Middle Eastern equity fund seen expanding in SE Asia
Infrastructure sector among group’s next targets
Dubai-based Abraaj Capital—a private equity fund that counts Middle East royal families and high net worth individuals and sovereign funds as investors—is exploring more investment opportunities in Southeast Asia, including the Philippines.
Abraaj Capital established its presence in Southeast Asia with the acquisition of Aureos Capital, which has become the platform for its investments in small and medium enterprises.
In the Philippines, Aureos Capital has investments in restaurant chain Pancake House, electronics manufacturer Cirtek Holdings Inc., healthcare institution Daniel O. Mercado Medical Center and the Hortalezas’ personal care store chain HBC Inc.
Aureos Capital now has two funds devoted to Southeast Asia. The first—which has $80 million in funds—has been fully invested in sectors like healthcare, manufacturing, logistics, retail and restaurant chain. This first fund is now in the exit mode. The second has a fund of $200 million to $250 million.
Formerly focused on the Middle East-North Africa and South Asia, Abraaj is keen on expanding its foothold in Southeast Asia, including the Philippines, top officials of Abraaj and Aureos said in an interview with the Inquirer at the sidelines of the recent World Economic Forum East Asian Summit in Bangkok.
“You are going to see Abraaj coming with larger acquisitions,” the officials said, adding that investments would be focused on healthcare, education, logistics, financial services and insurance. These are the sectors that stand to benefit from a consumer-led growth that is occurring in emerging markets.
“We see common trends of young populations and growing middle class. It is a phenomenon we have seen in the region,” Abraaj Capital partner Frederic Sicre said.
Sicre said Abraaj would also look at new products like infrastructure funds.
Infrastructure-building is a big thing across Asia, which has to cope with rising population and economic growth. Its funds typically have a life span of about 10 years but the usual holding period is between four and six years.
“This is not financial investing.

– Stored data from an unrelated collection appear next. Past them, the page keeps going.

lemma (in finite_measure) symdiff_closed_family_far_member:
  assumes sets: "\<And>a. E a \<in> sets M"
    and closed: "\<And>a b. \<exists>c. AE x in M. x \<in> E c \<longleftrightarrow> ((x \<in> E a) \<noteq> (x \<in> E b))"
    and "finite F" and "X \<in> sets M"
  shows "\<exists>c. measure M (X - (\<Union>a\<in>F. E a)) + measure M (\<Union>a\<in>F. E a) / 2
             \<le> measure M (symdiff X (E c))"
  using \<open>finite F\<close> \<open>X \<in> sets M\<close>
proof (induction F arbitrary: X rule: finite_induct)
  case empty
  obtain c where "AE x in M. x \<notin> E c"
    using closed[of undefined undefined] by (auto elim: AE_mp)
  then have "measure M (symdiff X (E c)) = measure M X"
    using empty.prems sets by (intro measure_eq_AE) (auto simp: symdiff_def elim!: AE_mp)
  then show ?case by (intro exI[of _ c]) simp
next
  case (insert a F)
  define U where "U = (\<Union>a\<in>F. E a)"
  have U: "U \<in> sets M"
    unfolding U_def using sets insert.hyps(1) by auto
  have XEa: "symdiff X (E a) \<in> sets M"
    using insert.prems sets by (auto simp: symdiff_def)
  text \<open>Either a member far from \<open>X\<close>, or the sum with \<open>E a\<close> of a member far from
    \<open>symdiff X (E a)\<close>; the two lower bounds average to the required one.\<close>
  obtain c1 where c1: "measure M (X - U) + measure M U / 2 \<le> measure M (symdiff X (E c1))"
    using insert.IH[OF insert.prems] by (auto simp: U_def)
  obtain c2 where c2: "measure M (symdiff X (E a) - U) + measure M U / 2
      \<le> measure M (symdiff (symdiff X (E a)) (E c2))"
    using insert.IH[OF XEa] by (auto simp: U_def)
  obtain c3 where c3: "AE x in M. x \<in> E c3 \<longleftrightarrow> ((x \<in> E a) \<noteq> (x \<in> E c2))"
    using closed by blast
  have c2_c3: "measure M (symdiff (symdiff X (E a)) (E c2)) = measure M (symdiff X (E c3))"
    using c3 insert.prems sets
    by (intro measure_eq_AE) (auto simp: symdiff_def elim!: AE_mp)
  have "measure M (X - U) = measure M (X - (E a \<union> U)) + measure M (X \<inter> E a - U)"
    "measure M (symdiff X (E a) - U) = measure M (X - (E a \<union> U)) + measure M (E a - U - X)"
    "measure M (E a \<union> U) = measure M U + measure M (E a - U)"
    "measure M (E a - U) = measure M (X \<inter> E a - U) + measure M (E a - U - X)"
    using insert.prems sets U
    by (subst finite_measure_Union[symmetric]; force simp: symdiff_def intro!: arg_cong[where f="measure M"])+
  then have "measure M (X - (E a \<union> U)) + measure M (E a \<union> U) / 2
      \<le> max (measure M (symdiff X (E c1))) (measure M (symdiff X (E c3)))"
    using c1 c2 c2_c3 by linarith
  then show ?case
    unfolding U_def le_max_iff_disj by auto
qed

lemma (in finite_measure) symdiff_closed_family_finite_Union_le:
  assumes "\<And>a. E a \<in> sets M"
    and "\<And>a b. \<exists>c. AE x in M. x \<in> E c \<longleftrightarrow> ((x \<in> E a) \<noteq> (x \<in> E b))"
    and "\<And>a. measure M (E a) \<le> r" and "finite F"
  shows "measure M (\<Union>a\<in>F. E a) \<le> 2 * r"
proof -
  obtain c where "measure M (\<Union>a\<in>F. E a) / 2 \<le> measure M (E c)"
    using symdiff_closed_family_far_member[OF assms(1,2,4), of "{}"]
    by (auto simp: symdiff_def)
  then show ?thesis using assms(3)[of c] by linarith
qed

lemma (in finite_measure) measure_UN_le_of_finite_Union_le:
  assumes sets: "\<And>a. E a \<in> sets M"
    and bound: "\<And>F. finite F \<Longrightarrow> measure M (\<Union>a\<in>F. E a) \<le> r"
    and "\<And>k::nat. finite (Fs k)"
  shows "measure M (\<Union>k. \<Union>a\<in>Fs k. E a) \<le> r"
proof -
  define T where "T K = (\<Union>a\<in>(\<Union>k\<le>K. Fs k). E a)" for K
  have fin: "finite (\<Union>k\<le>K. Fs k)" for K
    using assms(3) by blast
  have T: "T K \<in> sets M" "measure M (T K) \<le> r" for K
    unfolding T_def using sets fin[of K] bound[OF fin[of K]] by auto
  have "incseq T"
    unfolding T_def incseq_def by (auto 0 4 intro: order_trans)
  then have "(\<lambda>K. measure M (T K)) \<longlonglongrightarrow> measure M (\<Union>K. T K)"
    using T(1) by (intro finite_Lim_measure_incseq) auto
  moreover have "(\<Union>K. T K) = (\<Union>k. \<Union>a\<in>Fs k. E a)"
    unfolding T_def by blast
  ultimately show ?thesis
    using T(2) by (intro LIMSEQ_le_const2) auto
qed

lemma (in finite_measure) ess_cover_of_finite_Union_le:
  assumes sets: "\<And>a. E a \<in> sets M"
    and bound: "\<And>F. finite F \<Longrightarrow> measure M (\<Union>a\<in>F. E a) \<le> r"
  obtains S where "S \<in> sets M" "measure M S \<le> r" "\<And>a. E a - S \<in> null_sets M"
proof -
  define U where "U F = (\<Union>a\<in>F. E a)" for F
  have U: "U F \<in> sets M" if "finite F" for F
    unfolding U_def using sets that by auto
  define s where "s = (SUP F\<in>{F. finite F}. measure M (U F))"
  have bdd: "bdd_above ((\<lambda>F. measure M (U F)) ` {F. finite F})"
    using bound by (intro bdd_aboveI[of _ r]) (auto simp: U_def)
  have U_le_s: "measure M (U F) \<le> s" if "finite F" for F
    unfolding s_def using bdd that by (intro cSUP_upper) auto
  have "\<exists>F. finite F \<and> s - 1 / Suc k < measure M (U F)" for k :: nat
    using less_cSUP_iff[OF _ bdd, of "s - 1 / Suc k"] by (auto simp: s_def)
  then obtain Fs where Fs: "\<And>k. finite (Fs k)" "\<And>k. s - 1 / Suc k < measure M (U (Fs k))"
    by metis
  define S where "S = (\<Union>k. U (Fs k))"
  have S: "S \<in> sets M"
    unfolding S_def using U Fs(1) by auto
  have "measure M S \<le> r"
    unfolding S_def U_def using measure_UN_le_of_finite_Union_le[OF sets bound Fs(1)] .
  moreover have "E a - S \<in> null_sets M" for a
  proof -
    have le: "measure M (E a - S) \<le> 1 / Suc k" for k :: nat
    proof -
      have "measure M (U (Fs k)) + measure M (E a - S) = measure M (U (Fs k) \<union> (E a - S))"
        using U[OF Fs(1)] sets S by (intro finite_measure_Union[symmetric]) (auto simp: S_def)
      also have "\<dots> \<le> measure M (U (insert a (Fs k)))"
      proof (rule finite_measure_mono)
        show "U (Fs k) \<union> (E a - S) \<subseteq> U (insert a (Fs k))"
          by (auto simp: U_def)
        show "U (insert a (Fs k)) \<in> sets M"
          using Fs(1) by (intro U) simp
      qed
      also have "\<dots> \<le> s"
        using Fs(1) by (intro U_le_s) auto
      finally show ?thesis using Fs(2)[of k] by linarith
    qed
    have "measure M (E a - S) \<le> 0"
    proof (rule ccontr)
      assume "\<not> measure M (E a - S) \<le> 0"
      then obtain k where "inverse (real (Suc k)) < measure M (E a - S)"
        using reals_Archimedean[of "measure M (E a - S)"] by auto
      with le[of k] show False
        by (simp add: inverse_eq_divide)
    qed
    then have "measure M (E a - S) = 0"
      using measure_nonneg[of M "E a - S"] by linarith
    then show ?thesis
      using sets S by (auto simp: null_sets_def emeasure_eq_measure)
  qed
  ultimately show ?thesis using that S by blast
qed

This is really value creation, thinking long term. A lot of people in the company have operational background—marketing, sales, supply side management and they can contribute in unlocking efficiencies,” Sicre said.
Kavee Phunratanamala, an investment principal at Aureos, said the company had the capability to invest $10 million to several hundred million of dollars in each venture.
Abraaj now has 150 investee companies in its stable and has put in place a structure so that companies in its portfolio could draw synergies from each other.
“If Aureos has invested in an agricutural farm, we own the largest supermarket retail company throughout the Middle East. They (Aureos) have pharmaceutical companies, we own the largest chain of pharmacies and retail outlets in the Kingdom of Saudi Arabia,” Sicre said.
“We’re looking at bundling together some of the assets working in the same sector and look at how we can add value to that,” he said.
Citing an example in the Philippines, Phunratanamala said such synergy was harnessed in the case of Pancake House.
“Through our network, we helped them expand in Malaysia. They tried by themselves (but) they couldn’t do it. We remodeled it and they have a few stores right now in Malaysia,” he said.
As Abraaj group was expanding its markets, Sicre said it knew the importance of “being local.”